Людмила поставила миску со щами - жидкой, водянистой бурдой, без мяса, почти без капусты - и встала. Она устало забралась в свой У-2.
- Надеюсь, вы вернетесь, - сказал Шульц. - Надеюсь, мы еще будем здесь, когда вы вернетесь.
Никифор Шолуденко проходил мимо как раз, когда немецкий танкист, превратившийся в техника, произнес эти слова.
- Наказание за пораженческие разговоры - смерть - прошипел он.
- А каково наказание за убийство единственного нормального техника, который имеется в распоряжении базы? - сердито спросил он. - Моя смерть причинит вашей стороне больше вреда, чем мои разговоры.
- Вполне возможно, - ответил Шолуденко. - Только ведь за это не предусмотрено никакого наказания. - Он опустил руку на кобуру.
Людмила знала, что они желают друг другу смерти.
- Может быть, кто-нибудь из вас крутанет винт? А воевать будете, когда победим ящеров.

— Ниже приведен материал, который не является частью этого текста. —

text \<open>The state records the set of states reached on all zero-paddings of the input read so far.\<close>
lemma pq_recognizable_imp_automatic:
  assumes "pq_recognizable p q R"
  shows "pq_automatic p q UNIV (\<lambda>n. of_nat n \<in> R)"
proof -
  obtain Q :: "nat set" and init \<delta> F where "finite Q" "init \<in> Q"
    and closed: "\<forall>s\<in>Q. \<forall>d\<in>alph p. \<delta> s d \<in> Q" and R: "R = val_pq p q ` dfa_lang p init \<delta> F"
    using assms unfolding pq_recognizable_def by blast
  define Z where "Z = range (\<lambda>k. foldl \<delta> init (replicate k 0))"
  define \<Delta> where "\<Delta> S d = (\<lambda>s. \<delta> s d) ` S" for S d
  have "replicate k 0 \<in> lists (alph p)" for k
    using p_pos by (auto simp: alph_def in_lists_conv_set)
  then have "Z \<in> Pow Q"
    unfolding Z_def using foldl_in_closed[OF closed \<open>init \<in> Q\<close>] by blast
  moreover have "\<forall>S\<in>Pow Q. \<forall>d\<in>alph p. \<Delta> S d \<in> Pow Q"
    using closed by (auto simp: \<Delta>_def)
  moreover have "of_nat n \<in> R \<longleftrightarrow> foldl \<Delta> Z (rep_pq p q n) \<inter> F \<noteq> {}" for n
  proof -
    have "foldl \<Delta> Z (rep_pq p q n) = range (\<lambda>k. foldl \<delta> init (replicate k 0 @ rep_pq p q n))"
      unfolding \<Delta>_def foldl_image Z_def by (simp add: image_image)
    then show ?thesis
      unfolding R dfa_lang_def val_pq_image_iff by auto
  qed
  ultimately show ?thesis
    using \<open>finite Q\<close>
    by (intro pq_automaticI[where Q = "Pow Q" and init = Z and \<delta> = \<Delta>
          and \<tau> = "\<lambda>S. S \<inter> F \<noteq> {}"]) auto
qed

text \<open>The extra initial state \<open>None\<close> is kept while reading leading zeros, so all zero-paddings
  of a representation end in the same state.\<close>
lemma pq_automatic_imp_recognizable:
  assumes "pq_automatic p q UNIV P"
  shows "\<exists>R. pq_recognizable p q R \<and> of_nat ` {n. P n} = R \<inter> \<nat>"
proof -
  obtain Q :: "nat set" and init \<delta> \<tau> where "finite Q" "init \<in> Q"
    and closed: "\<forall>s\<in>Q. \<forall>d\<in>alph p. \<delta> s d \<in> Q" and P: "\<forall>n. P n = \<tau> (foldl \<delta> init (rep_pq p q n))"
    using assms unfolding pq_automatic_def by blast
  define state where "state st = (case st of None \<Rightarrow> init | Some s \<Rightarrow> s)" for st
  define \<delta>' where "\<delta>' st d = (if st = None \<and> d = 0 then None else Some (\<delta> (state st) d))" for st d
  define L where "L = {w \<in> lists (alph p). foldl \<delta>' None w \<in> {st. \<tau> (state st)}}"
  have "\<forall>st\<in>insert None (Some ` Q). \<forall>d\<in>alph p. \<delta>' st d \<in> insert None (Some ` Q)"
    using closed \<open>init \<in> Q\<close> by (auto simp: \<delta>'_def state_def)
  then have "pq_recognizable p q (val_pq p q ` L)"
    unfolding L_def using \<open>finite Q\<close>
    by (intro pq_recognizableI[where Q = "insert None (Some ` Q)" and init = None]) auto
  have zeros: "foldl \<delta>' None (replicate k 0) = None" for k
    by (induction k) (simp_all add: \<delta>'_def)
  have started: "foldl \<delta>' (Some s) w = Some (foldl \<delta> s w)" for s w
    by (induction w arbitrary: s) (simp_all add: \<delta>'_def state_def)
  have "state (foldl \<delta>' None (replicate k 0 @ rep_pq p q n)) = foldl \<delta> init (rep_pq p q n)" for k n
  proof (cases "rep_pq p q n")
    case (Cons d u)
    then have "d \<noteq> 0"
      using is_rep_pq_rep_pq[of n] by (simp add: is_rep_pq_def)
    then have "\<delta>' None d = Some (\<delta> init d)"
      by (simp add: \<delta>'_def state_def)
    then show ?thesis
      using Cons by (simp add: zeros started state_def)
  qed (simp add: zeros state_def)
  then have "of_nat n \<in> val_pq p q ` L \<longleftrightarrow> P n" for n
    unfolding L_def val_pq_image_iff using P by simp
  then have "of_nat ` {n. P n} = val_pq p q ` L \<inter> \<nat>"
    by (simp add: of_nat_image_eq_Int_Nats_iff)
  with \<open>pq_recognizable p q (val_pq p q ` L)\<close> show ?thesis
    by blast
qed

end

theorem mainTheorem13:
  fixes p q :: nat and A :: "'a set" and x :: "nat \<Rightarrow> 'a"
  assumes "p > q" and "q > 1" and "coprime p q"
    and "finite A" and "\<forall>n. x n \<in> A"
  shows "pq_automatic p q A x \<longleftrightarrow>
    (\<forall>a\<in>A. \<exists>R. pq_recognizable p q R \<and> of_nat ` {i. x i = a} = R \<inter> (\<nat> :: rat set))"
proof -
  interpret rational_base p q
    using assms(1-3) by unfold_locales simp_all
  show ?thesis
  proof
    assume "pq_automatic p q A x"
    then have "\<exists>R. pq_recognizable p q R \<and> of_nat ` {i. x i = a} = R \<inter> \<nat>" for a
      by (rule pq_automatic_imp_recognizable[OF pq_automatic_fibre])
    then show "\<forall>a\<in>A. \<exists>R. pq_recognizable p q R \<and> of_nat ` {i. x i = a} = R \<inter> \<nat>"
      by blast
  next
    assume fibres: "\<forall>a\<in>A. \<exists>R. pq_recognizable p q R \<and> of_nat ` {i. x i = a} = R \<inter> \<nat>"
    have "pq_automatic p q UNIV (\<lambda>n. x n = a)" if "a \<in> A" for a
    proof -
      obtain R where "pq_recognizable p q R \<and> of_nat ` {i. x i = a} = R \<inter> (\<nat> :: rat set)"
        using bspec[OF fibres \<open>a \<in> A\<close>] ..
      then have "pq_recognizable p q R" and "(\<lambda>n. of_nat n \<in> R) = (\<lambda>n. x n = a)"
        by (simp_all add: of_nat_image_eq_Int_Nats_iff)
      then show ?thesis
        using pq_recognizable_imp_automatic[OF \<open>pq_recognizable p q R\<close>] by simp
    qed
    then show "pq_automatic p q A x"
      using pq_automatic_of_fibres[OF assms(4,5)] by simp
  qed
qed

end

"Если победим", - подумала она.
Произнеси она эти слова вслух, обвинил бы Шолуденко ее в пораженческих настроениях? Скорее всего, нет. Он не хотел видеть ее мертвой - только обнаженной.
Офицер НКВД и бывший сержант вермахта одновременно бросились к "кукурузнику". Шульц оказался первым. Когда он ухватился за лопасть винта, Шолуденко пришлось отскочить в сторону. Стоит попасть под раскрученный винт, и тебе грозит смерть, куда более страшная, чем от пули.
Винт завертелся, пятицилиндровый двигатель выплюнул вонючий дым. Людмила отпустила тормоза, У-2 помчался по неровной посадочной полосе (на самом деле, всего лишь расчищенному участку поля) и начал набирать скорость. А в следующее мгновение маленький биплан медленно поднялся в воздух.
Однако даже в полете У-2 не превратился из гадкого утенка в прекрасного лебедя. Но "кукурузники" гораздо чаще возвращались с заданий, на которых погибали большие самолеты - так комар укусит тебя и легко избежит возмездия, тогда как слепня обязательно заметят и раздавят.
От Калуги почти ничего не осталось. Людмила летела над пригородом бывшего промышленного центра. Сначала часть города разрушили немцы - во время своего наступления на Москву в 1941 году, затем русские приложили свою руку, когда отбили его чуть позже. За последние несколько недель ящеры уничтожили остальное.
Сегодня фронт находился к северу от Калуги. Ящеры расчистили часть улиц, идущих с севера на юг, чтобы иметь возможность доставлять боеприпасы своим войскам. Грузовики, их собственного производства и захваченные у немцев и русских (часть из них американские), катили по дорогам так, словно никакого неприятеля поблизости не было.